Records from a data source:
● ● ● ● ●
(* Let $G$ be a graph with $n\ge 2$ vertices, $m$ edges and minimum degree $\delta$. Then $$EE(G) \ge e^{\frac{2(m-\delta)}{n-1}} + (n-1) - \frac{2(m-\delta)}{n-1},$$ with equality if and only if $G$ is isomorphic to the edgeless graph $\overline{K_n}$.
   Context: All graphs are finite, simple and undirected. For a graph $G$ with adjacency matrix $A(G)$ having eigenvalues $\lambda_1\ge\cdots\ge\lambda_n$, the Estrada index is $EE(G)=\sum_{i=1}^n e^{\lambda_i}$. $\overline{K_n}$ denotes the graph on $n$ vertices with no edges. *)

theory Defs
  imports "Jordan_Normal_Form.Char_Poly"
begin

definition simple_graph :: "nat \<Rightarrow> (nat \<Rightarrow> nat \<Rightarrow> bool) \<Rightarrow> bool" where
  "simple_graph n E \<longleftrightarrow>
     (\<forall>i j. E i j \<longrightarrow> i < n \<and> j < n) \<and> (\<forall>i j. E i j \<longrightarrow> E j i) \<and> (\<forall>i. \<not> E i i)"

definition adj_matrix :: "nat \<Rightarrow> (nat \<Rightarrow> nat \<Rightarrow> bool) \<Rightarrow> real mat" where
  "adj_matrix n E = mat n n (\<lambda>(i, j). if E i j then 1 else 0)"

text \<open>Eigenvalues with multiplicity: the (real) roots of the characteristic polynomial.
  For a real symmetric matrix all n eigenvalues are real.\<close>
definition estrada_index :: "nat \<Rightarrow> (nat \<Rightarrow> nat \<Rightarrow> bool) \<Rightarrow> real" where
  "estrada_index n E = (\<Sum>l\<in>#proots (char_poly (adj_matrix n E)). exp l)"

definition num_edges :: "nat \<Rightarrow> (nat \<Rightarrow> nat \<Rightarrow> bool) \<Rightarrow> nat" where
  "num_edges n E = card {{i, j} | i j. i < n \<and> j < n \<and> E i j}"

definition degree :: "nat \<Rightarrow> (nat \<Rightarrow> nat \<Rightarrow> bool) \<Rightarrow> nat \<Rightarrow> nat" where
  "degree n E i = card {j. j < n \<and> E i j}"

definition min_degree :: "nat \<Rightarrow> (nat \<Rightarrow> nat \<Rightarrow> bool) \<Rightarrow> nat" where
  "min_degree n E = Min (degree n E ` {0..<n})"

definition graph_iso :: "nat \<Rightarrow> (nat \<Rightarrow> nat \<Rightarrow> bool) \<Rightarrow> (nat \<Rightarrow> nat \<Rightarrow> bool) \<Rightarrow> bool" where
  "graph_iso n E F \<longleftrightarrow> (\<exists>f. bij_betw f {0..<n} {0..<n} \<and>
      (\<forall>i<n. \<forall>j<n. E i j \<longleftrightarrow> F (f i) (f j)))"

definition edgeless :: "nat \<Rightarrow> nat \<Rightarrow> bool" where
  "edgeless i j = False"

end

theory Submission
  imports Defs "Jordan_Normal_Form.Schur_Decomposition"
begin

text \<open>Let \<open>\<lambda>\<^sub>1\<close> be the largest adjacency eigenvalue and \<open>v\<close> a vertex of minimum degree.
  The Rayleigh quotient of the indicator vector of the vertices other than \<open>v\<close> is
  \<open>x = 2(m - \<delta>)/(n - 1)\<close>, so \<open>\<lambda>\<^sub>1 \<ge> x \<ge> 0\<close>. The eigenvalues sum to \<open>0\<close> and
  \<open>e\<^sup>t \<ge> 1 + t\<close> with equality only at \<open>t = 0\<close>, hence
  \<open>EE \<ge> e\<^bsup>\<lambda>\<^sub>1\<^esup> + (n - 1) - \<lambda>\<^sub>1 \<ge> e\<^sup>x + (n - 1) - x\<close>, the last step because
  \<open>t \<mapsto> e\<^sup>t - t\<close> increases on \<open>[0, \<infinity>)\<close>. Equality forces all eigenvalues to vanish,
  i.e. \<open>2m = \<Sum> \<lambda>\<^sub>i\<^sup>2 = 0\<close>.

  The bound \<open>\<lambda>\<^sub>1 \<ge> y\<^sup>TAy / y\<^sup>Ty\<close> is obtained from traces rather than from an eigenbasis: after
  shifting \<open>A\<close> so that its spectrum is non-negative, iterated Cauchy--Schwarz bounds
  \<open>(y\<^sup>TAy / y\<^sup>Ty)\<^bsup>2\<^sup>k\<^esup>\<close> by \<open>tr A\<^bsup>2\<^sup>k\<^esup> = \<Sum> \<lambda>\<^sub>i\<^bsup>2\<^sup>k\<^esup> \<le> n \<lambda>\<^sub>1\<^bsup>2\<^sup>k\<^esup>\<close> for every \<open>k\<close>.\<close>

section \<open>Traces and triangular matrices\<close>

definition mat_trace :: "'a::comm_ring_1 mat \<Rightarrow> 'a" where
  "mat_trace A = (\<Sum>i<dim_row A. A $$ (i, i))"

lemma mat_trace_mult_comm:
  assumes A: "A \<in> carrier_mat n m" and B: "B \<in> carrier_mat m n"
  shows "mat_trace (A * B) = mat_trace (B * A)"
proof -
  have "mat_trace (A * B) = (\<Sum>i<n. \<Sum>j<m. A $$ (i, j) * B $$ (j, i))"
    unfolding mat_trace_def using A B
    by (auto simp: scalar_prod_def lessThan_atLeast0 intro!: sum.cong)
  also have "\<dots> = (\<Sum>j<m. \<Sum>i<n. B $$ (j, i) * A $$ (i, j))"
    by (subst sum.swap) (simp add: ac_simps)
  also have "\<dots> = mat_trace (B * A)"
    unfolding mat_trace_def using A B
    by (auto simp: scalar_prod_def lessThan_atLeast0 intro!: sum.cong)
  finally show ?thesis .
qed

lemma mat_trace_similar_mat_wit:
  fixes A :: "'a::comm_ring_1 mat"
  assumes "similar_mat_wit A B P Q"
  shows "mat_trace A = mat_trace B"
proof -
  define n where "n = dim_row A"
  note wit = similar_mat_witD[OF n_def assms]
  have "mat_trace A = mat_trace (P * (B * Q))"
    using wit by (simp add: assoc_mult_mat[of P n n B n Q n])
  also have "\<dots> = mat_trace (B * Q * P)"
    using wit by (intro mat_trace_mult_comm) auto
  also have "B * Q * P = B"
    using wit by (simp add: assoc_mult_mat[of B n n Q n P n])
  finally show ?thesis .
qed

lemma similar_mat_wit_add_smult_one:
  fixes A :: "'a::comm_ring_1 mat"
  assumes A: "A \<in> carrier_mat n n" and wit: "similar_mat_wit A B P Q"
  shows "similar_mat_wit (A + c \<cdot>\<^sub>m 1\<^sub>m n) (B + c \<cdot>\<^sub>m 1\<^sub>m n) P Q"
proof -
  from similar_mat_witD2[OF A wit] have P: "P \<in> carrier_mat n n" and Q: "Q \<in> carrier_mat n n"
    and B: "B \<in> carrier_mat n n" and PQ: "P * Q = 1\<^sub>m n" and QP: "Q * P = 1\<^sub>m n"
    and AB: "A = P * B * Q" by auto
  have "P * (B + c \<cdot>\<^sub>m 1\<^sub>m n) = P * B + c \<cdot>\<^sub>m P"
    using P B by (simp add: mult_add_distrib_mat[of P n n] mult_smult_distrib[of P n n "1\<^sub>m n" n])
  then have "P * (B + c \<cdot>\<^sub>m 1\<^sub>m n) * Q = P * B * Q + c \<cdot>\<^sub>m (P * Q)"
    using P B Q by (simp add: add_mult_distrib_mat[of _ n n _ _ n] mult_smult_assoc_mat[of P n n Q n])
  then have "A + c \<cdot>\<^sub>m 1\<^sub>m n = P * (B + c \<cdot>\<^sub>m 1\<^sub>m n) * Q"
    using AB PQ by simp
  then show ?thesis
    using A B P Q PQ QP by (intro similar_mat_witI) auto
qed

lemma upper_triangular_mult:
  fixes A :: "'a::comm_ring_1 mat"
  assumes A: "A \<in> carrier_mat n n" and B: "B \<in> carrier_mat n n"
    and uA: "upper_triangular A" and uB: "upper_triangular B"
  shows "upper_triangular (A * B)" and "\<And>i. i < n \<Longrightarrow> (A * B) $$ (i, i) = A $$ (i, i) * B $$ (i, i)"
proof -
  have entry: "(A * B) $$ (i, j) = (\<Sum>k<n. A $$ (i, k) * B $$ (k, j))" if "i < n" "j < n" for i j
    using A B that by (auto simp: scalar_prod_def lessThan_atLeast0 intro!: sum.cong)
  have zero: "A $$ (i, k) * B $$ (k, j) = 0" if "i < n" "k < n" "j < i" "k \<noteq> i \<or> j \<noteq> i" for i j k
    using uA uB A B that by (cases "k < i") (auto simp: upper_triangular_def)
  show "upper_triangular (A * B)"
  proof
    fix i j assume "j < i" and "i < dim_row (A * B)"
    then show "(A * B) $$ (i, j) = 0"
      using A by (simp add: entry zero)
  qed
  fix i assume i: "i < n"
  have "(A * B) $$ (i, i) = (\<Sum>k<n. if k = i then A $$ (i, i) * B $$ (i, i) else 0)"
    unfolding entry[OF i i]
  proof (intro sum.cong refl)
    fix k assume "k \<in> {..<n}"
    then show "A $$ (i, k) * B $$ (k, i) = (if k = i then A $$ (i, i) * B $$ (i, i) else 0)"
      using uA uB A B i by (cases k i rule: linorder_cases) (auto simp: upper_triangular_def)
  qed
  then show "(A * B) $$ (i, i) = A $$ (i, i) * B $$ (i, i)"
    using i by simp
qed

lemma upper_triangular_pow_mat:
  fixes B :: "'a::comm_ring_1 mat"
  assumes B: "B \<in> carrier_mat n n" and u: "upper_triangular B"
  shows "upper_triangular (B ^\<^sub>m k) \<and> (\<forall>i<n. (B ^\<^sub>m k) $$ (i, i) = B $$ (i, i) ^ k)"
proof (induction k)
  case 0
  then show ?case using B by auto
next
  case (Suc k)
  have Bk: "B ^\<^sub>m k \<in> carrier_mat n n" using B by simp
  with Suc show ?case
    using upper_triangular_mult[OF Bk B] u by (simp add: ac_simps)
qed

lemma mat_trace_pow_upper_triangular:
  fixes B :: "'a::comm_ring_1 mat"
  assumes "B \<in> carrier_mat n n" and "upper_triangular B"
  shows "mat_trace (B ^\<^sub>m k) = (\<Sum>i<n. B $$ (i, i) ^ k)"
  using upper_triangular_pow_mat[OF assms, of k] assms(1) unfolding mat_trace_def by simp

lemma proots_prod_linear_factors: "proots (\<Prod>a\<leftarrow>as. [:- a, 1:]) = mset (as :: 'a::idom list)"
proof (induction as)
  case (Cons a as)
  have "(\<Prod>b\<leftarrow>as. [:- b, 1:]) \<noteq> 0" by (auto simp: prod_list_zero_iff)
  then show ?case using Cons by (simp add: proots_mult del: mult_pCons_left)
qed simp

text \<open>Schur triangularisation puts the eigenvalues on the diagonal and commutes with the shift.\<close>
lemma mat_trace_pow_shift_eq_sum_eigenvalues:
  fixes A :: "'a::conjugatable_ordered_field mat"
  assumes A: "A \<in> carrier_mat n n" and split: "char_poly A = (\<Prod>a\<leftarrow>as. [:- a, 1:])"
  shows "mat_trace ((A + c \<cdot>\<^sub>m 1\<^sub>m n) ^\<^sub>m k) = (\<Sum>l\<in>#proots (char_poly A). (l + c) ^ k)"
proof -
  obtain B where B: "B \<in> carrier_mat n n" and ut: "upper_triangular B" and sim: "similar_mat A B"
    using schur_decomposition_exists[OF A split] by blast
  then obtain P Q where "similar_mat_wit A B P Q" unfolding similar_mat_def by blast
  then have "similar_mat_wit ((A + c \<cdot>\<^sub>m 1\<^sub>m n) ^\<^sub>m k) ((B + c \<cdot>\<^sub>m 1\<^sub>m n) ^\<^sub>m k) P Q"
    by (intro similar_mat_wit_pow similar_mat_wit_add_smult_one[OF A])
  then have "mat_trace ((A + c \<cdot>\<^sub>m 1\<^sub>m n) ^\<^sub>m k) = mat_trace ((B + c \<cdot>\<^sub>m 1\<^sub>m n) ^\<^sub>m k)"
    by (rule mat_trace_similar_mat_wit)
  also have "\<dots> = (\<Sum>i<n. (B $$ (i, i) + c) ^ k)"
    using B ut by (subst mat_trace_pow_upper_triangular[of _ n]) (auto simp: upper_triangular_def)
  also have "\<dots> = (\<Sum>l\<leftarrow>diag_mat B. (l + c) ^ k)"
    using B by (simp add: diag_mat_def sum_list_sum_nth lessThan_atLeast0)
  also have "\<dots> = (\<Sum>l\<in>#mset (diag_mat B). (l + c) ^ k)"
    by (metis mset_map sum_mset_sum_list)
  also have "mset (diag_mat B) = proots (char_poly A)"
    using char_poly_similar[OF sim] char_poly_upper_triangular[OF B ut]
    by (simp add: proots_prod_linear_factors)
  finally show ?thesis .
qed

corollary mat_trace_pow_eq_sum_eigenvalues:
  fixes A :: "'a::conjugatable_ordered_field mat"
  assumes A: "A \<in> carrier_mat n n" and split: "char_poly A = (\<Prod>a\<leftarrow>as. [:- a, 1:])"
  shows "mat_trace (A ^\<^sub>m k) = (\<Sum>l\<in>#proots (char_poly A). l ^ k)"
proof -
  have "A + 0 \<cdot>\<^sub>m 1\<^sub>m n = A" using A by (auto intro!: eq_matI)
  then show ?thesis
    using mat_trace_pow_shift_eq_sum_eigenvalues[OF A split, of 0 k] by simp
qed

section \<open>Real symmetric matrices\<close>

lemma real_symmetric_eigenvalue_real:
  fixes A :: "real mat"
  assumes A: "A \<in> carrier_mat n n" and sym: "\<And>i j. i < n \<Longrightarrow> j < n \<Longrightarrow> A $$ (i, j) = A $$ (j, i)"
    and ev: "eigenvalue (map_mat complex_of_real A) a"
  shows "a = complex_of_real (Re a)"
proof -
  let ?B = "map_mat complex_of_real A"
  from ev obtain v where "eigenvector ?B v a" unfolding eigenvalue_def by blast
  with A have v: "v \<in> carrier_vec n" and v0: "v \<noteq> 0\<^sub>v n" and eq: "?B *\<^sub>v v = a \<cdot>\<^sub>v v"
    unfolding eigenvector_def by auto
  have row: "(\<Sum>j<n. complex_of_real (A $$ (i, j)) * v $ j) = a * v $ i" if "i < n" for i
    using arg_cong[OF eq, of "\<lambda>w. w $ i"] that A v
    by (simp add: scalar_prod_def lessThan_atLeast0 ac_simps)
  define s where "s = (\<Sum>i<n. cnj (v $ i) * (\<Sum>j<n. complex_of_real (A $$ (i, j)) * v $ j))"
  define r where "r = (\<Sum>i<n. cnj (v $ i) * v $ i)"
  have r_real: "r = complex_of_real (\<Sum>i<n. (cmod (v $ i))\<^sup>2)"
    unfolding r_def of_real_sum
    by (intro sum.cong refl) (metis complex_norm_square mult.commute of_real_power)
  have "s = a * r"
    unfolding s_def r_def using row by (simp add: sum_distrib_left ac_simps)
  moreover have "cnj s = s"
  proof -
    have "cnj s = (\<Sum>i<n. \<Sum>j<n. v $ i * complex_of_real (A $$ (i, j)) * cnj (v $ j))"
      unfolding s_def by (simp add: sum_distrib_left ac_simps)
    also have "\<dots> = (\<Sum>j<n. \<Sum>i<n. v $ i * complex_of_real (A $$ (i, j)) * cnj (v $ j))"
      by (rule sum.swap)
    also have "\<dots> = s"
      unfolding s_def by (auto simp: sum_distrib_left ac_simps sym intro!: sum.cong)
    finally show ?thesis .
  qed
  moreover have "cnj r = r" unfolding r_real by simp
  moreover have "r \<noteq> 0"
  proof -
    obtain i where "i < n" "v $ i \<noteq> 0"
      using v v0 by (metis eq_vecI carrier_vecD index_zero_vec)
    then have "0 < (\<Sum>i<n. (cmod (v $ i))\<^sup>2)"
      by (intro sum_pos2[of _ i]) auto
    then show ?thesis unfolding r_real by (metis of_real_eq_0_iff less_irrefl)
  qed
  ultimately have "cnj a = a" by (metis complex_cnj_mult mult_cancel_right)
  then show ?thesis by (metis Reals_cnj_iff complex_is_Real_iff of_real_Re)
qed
● ● ● ● ●
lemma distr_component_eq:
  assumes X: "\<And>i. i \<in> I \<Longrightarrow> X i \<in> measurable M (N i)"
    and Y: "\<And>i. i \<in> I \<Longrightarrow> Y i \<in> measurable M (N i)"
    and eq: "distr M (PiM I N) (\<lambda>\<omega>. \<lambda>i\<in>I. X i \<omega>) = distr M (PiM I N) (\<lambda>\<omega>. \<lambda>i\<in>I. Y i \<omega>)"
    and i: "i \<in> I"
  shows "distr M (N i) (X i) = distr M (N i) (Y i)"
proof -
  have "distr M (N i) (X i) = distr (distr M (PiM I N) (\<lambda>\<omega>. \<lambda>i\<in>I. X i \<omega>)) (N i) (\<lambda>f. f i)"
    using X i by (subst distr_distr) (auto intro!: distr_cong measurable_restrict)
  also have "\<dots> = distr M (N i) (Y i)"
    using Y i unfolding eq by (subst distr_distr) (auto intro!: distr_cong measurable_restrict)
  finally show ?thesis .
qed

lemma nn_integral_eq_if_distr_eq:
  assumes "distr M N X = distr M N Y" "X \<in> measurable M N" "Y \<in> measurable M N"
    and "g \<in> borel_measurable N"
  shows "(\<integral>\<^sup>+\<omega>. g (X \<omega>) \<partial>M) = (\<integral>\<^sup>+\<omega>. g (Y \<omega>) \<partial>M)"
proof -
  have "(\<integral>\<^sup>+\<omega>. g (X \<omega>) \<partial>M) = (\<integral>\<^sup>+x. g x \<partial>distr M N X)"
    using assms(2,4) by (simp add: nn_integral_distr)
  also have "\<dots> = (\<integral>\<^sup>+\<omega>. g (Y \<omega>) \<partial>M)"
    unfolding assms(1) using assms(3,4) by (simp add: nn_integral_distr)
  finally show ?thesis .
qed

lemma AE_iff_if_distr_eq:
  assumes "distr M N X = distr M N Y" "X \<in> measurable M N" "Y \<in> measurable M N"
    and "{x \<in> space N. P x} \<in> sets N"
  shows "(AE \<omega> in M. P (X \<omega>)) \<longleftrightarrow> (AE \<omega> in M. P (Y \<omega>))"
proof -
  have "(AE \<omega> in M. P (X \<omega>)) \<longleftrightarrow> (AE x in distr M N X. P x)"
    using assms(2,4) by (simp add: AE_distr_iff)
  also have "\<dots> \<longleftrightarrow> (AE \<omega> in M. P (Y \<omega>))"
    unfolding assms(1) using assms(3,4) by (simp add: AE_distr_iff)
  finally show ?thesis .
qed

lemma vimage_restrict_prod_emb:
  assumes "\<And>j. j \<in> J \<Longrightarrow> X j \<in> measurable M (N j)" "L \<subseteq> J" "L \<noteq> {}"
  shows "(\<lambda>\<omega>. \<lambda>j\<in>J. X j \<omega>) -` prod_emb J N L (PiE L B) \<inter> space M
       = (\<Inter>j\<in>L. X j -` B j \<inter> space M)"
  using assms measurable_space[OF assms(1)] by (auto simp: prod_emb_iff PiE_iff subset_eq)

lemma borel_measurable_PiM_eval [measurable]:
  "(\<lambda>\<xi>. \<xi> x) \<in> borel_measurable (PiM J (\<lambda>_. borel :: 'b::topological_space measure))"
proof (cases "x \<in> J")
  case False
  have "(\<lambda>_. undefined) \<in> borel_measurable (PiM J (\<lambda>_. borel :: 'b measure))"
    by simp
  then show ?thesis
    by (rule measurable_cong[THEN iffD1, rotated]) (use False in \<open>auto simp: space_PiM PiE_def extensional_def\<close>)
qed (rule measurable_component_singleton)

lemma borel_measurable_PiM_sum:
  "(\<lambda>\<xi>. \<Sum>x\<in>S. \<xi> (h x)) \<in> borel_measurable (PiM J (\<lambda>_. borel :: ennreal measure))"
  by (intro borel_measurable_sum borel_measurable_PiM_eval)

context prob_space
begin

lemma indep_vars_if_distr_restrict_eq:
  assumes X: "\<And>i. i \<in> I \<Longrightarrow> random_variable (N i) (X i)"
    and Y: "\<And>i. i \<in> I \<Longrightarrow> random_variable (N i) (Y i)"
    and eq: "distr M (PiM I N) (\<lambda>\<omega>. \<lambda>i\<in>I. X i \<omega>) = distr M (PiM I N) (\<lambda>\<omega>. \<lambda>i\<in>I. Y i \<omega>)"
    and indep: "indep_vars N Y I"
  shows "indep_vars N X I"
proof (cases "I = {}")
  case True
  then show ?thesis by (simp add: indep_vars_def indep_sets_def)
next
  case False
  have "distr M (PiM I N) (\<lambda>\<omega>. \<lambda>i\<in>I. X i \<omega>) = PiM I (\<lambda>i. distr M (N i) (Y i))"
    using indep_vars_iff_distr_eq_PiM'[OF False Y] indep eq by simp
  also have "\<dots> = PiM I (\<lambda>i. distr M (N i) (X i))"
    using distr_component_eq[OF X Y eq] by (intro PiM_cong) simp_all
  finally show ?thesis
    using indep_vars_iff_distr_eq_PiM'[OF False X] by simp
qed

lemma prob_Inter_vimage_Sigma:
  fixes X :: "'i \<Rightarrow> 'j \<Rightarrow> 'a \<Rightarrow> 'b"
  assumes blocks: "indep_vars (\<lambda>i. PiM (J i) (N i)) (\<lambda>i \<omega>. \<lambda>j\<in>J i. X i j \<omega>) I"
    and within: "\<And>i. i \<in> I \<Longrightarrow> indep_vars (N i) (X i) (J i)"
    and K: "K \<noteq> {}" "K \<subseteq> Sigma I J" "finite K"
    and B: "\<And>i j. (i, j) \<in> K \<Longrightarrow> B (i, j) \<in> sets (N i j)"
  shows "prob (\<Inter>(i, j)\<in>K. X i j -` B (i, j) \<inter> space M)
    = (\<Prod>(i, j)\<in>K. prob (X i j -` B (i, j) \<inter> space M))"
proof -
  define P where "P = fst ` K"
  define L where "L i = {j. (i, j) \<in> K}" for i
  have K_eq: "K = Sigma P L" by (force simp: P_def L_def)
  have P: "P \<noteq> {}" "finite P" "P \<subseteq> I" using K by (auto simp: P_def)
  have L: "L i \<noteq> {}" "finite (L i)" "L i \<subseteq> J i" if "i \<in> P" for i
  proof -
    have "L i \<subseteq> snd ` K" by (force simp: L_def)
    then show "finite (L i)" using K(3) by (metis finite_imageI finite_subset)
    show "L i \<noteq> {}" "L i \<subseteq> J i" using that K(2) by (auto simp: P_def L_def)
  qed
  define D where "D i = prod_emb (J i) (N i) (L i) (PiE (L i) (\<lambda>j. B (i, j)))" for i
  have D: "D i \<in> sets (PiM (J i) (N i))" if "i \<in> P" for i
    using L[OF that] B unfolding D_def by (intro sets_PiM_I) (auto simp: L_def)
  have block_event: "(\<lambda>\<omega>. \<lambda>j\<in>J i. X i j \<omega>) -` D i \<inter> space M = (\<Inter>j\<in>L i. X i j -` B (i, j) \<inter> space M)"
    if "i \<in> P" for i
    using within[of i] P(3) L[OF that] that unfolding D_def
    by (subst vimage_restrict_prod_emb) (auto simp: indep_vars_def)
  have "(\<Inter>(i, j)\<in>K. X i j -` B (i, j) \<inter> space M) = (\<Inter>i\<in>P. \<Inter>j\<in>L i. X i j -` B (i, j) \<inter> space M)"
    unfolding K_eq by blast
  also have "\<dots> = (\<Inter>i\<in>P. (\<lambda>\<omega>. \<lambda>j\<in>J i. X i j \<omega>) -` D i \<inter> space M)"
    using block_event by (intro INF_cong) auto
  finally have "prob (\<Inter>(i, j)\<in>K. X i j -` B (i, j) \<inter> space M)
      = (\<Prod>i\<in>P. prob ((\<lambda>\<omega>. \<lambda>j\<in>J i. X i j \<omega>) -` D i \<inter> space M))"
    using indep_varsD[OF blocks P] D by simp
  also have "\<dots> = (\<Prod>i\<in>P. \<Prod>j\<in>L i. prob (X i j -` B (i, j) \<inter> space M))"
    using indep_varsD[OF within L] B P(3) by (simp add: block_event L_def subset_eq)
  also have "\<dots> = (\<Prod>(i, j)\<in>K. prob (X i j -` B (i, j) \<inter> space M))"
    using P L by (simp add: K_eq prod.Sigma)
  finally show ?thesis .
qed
● ● ● ● ●
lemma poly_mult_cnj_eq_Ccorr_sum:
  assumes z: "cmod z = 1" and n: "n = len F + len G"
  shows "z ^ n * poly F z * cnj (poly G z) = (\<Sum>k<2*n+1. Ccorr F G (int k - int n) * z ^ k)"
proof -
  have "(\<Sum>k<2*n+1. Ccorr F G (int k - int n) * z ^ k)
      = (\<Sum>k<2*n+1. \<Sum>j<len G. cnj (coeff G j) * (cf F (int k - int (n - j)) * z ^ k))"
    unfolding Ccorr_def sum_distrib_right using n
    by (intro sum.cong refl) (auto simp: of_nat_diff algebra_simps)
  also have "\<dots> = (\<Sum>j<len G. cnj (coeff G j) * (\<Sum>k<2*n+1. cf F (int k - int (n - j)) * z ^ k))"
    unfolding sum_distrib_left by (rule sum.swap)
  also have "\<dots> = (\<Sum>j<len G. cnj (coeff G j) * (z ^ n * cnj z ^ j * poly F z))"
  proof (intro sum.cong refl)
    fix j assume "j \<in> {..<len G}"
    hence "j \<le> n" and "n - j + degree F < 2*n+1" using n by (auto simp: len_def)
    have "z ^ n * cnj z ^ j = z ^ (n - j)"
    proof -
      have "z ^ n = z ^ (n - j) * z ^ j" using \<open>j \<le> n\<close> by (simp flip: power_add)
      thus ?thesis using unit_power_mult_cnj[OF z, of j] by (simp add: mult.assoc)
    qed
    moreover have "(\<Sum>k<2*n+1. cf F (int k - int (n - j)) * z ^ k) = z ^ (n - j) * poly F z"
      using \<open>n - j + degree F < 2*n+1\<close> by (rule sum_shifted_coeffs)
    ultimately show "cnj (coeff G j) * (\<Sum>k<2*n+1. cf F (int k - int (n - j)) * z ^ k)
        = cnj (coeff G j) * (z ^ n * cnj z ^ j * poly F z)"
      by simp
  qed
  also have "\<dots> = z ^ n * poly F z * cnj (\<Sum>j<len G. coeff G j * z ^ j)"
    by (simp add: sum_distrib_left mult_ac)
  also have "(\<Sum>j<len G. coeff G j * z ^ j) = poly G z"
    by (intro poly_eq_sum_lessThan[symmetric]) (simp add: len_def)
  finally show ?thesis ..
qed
● ● ● ● ●
Working through the entries above, copy every line in which "partial" is found.

  shows "(\<integral>\<^sup>+\<omega>. g (X \<omega>) \<partial>M) = (\<integral>\<^sup>+\<omega>. g (Y \<omega>) \<partial>M)"
  have "(\<integral>\<^sup>+\<omega>. g (X \<omega>) \<partial>M) = (\<integral>\<^sup>+x. g x \<partial>distr M N X)"
  also have "\<dots> = (\<integral>\<^sup>+\<omega>. g (Y \<omega>) \<partial>M)"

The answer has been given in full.